+++ Records for this exercise +++
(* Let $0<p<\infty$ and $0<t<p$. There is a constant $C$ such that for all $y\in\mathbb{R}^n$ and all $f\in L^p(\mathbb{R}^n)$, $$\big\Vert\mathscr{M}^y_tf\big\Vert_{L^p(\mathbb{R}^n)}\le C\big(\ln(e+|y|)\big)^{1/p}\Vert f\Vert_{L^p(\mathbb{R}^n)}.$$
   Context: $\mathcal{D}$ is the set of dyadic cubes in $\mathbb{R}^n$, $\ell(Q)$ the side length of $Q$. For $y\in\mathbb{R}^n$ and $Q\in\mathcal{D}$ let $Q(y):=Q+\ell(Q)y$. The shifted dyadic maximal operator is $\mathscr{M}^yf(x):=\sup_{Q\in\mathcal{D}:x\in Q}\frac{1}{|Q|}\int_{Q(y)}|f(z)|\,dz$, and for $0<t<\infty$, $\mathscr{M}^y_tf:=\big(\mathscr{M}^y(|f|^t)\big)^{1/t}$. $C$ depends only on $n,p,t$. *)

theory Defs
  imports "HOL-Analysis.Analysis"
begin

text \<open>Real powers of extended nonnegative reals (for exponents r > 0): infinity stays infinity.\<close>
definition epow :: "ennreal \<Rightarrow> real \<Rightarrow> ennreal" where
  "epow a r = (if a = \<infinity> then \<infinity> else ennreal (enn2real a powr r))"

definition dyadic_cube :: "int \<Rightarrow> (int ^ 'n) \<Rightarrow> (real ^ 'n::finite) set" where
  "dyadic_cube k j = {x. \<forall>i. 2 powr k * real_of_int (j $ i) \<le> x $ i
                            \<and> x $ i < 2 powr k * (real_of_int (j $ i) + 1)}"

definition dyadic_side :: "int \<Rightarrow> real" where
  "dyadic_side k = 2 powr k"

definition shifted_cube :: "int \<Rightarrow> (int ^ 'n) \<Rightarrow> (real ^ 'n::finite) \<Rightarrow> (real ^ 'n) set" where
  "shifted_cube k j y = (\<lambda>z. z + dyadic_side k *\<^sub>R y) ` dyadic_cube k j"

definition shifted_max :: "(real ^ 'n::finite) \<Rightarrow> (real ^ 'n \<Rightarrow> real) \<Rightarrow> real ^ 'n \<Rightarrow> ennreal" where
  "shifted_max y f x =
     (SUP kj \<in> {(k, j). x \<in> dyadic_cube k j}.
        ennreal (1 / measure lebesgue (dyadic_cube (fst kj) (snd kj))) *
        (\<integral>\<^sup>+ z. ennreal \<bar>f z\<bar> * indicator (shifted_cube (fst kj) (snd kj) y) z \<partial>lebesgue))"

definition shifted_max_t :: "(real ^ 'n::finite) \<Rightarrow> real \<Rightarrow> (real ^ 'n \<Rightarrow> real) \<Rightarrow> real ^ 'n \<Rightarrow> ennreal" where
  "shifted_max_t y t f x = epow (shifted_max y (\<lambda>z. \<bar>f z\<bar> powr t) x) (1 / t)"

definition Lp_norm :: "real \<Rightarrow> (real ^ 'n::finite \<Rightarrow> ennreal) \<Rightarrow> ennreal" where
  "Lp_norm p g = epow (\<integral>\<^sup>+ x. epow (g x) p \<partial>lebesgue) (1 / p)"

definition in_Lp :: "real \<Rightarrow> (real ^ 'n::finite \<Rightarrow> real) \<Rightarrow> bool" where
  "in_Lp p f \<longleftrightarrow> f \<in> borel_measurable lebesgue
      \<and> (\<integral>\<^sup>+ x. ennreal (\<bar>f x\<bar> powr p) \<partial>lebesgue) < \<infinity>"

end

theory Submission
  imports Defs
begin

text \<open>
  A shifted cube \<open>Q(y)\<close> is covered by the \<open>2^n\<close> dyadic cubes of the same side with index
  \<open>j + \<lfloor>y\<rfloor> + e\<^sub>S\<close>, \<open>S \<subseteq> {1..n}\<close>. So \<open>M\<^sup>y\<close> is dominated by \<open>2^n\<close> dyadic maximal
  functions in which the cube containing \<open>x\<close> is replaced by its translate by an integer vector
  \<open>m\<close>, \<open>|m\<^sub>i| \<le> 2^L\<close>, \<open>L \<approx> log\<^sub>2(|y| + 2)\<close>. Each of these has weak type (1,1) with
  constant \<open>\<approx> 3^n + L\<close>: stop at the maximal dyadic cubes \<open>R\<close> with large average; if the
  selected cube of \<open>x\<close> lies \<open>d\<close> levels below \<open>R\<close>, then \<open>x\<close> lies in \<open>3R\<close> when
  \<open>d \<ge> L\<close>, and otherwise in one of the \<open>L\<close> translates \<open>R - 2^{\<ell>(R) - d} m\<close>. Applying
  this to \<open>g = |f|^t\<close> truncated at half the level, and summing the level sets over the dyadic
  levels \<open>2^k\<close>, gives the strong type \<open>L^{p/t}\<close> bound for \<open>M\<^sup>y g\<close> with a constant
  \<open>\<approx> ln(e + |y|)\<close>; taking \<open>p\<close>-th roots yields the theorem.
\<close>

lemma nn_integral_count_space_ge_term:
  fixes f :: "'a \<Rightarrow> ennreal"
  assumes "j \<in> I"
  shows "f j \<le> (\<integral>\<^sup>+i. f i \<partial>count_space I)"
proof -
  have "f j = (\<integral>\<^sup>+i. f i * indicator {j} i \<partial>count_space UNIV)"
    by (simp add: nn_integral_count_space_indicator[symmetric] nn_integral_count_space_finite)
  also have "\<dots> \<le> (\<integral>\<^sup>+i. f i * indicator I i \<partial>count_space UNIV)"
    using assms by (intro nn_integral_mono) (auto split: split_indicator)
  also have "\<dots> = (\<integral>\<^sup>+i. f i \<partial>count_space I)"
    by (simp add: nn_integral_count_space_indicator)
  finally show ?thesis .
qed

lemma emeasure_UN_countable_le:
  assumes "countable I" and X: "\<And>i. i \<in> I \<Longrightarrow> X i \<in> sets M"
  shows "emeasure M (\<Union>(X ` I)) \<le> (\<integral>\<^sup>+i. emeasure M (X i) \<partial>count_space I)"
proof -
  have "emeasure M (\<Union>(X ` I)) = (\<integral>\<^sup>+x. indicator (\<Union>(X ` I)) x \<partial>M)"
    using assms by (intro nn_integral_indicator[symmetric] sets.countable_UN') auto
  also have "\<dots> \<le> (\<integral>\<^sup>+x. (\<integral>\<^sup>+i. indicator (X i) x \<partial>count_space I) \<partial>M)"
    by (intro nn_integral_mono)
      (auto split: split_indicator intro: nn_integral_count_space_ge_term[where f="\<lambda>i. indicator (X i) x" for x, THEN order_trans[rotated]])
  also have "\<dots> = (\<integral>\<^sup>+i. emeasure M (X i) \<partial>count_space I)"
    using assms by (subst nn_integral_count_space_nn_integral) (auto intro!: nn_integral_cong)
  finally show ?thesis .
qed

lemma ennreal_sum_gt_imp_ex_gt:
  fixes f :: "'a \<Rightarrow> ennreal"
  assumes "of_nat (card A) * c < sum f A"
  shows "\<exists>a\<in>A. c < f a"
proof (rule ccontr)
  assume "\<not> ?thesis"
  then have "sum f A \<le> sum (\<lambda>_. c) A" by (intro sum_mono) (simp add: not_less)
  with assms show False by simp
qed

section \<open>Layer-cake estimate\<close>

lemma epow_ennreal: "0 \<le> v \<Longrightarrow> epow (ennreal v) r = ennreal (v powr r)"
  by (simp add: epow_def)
+++
What you have to do: Would you print exactly, and only, the lines of the data above from the line with "epow (\<integral>\<^sup>+ x." through the line with "f \<in> borel_measurable lebesgue", inclusive?

Answer to this exercise:
  "Lp_norm p g = epow (\<integral>\<^sup>+ x. epow (g x) p \<partial>lebesgue) (1 / p)"

definition in_Lp :: "real \<Rightarrow> (real ^ 'n::finite \<Rightarrow> real) \<Rightarrow> bool" where
  "in_Lp p f \<longleftrightarrow> f \<in> borel_measurable lebesgue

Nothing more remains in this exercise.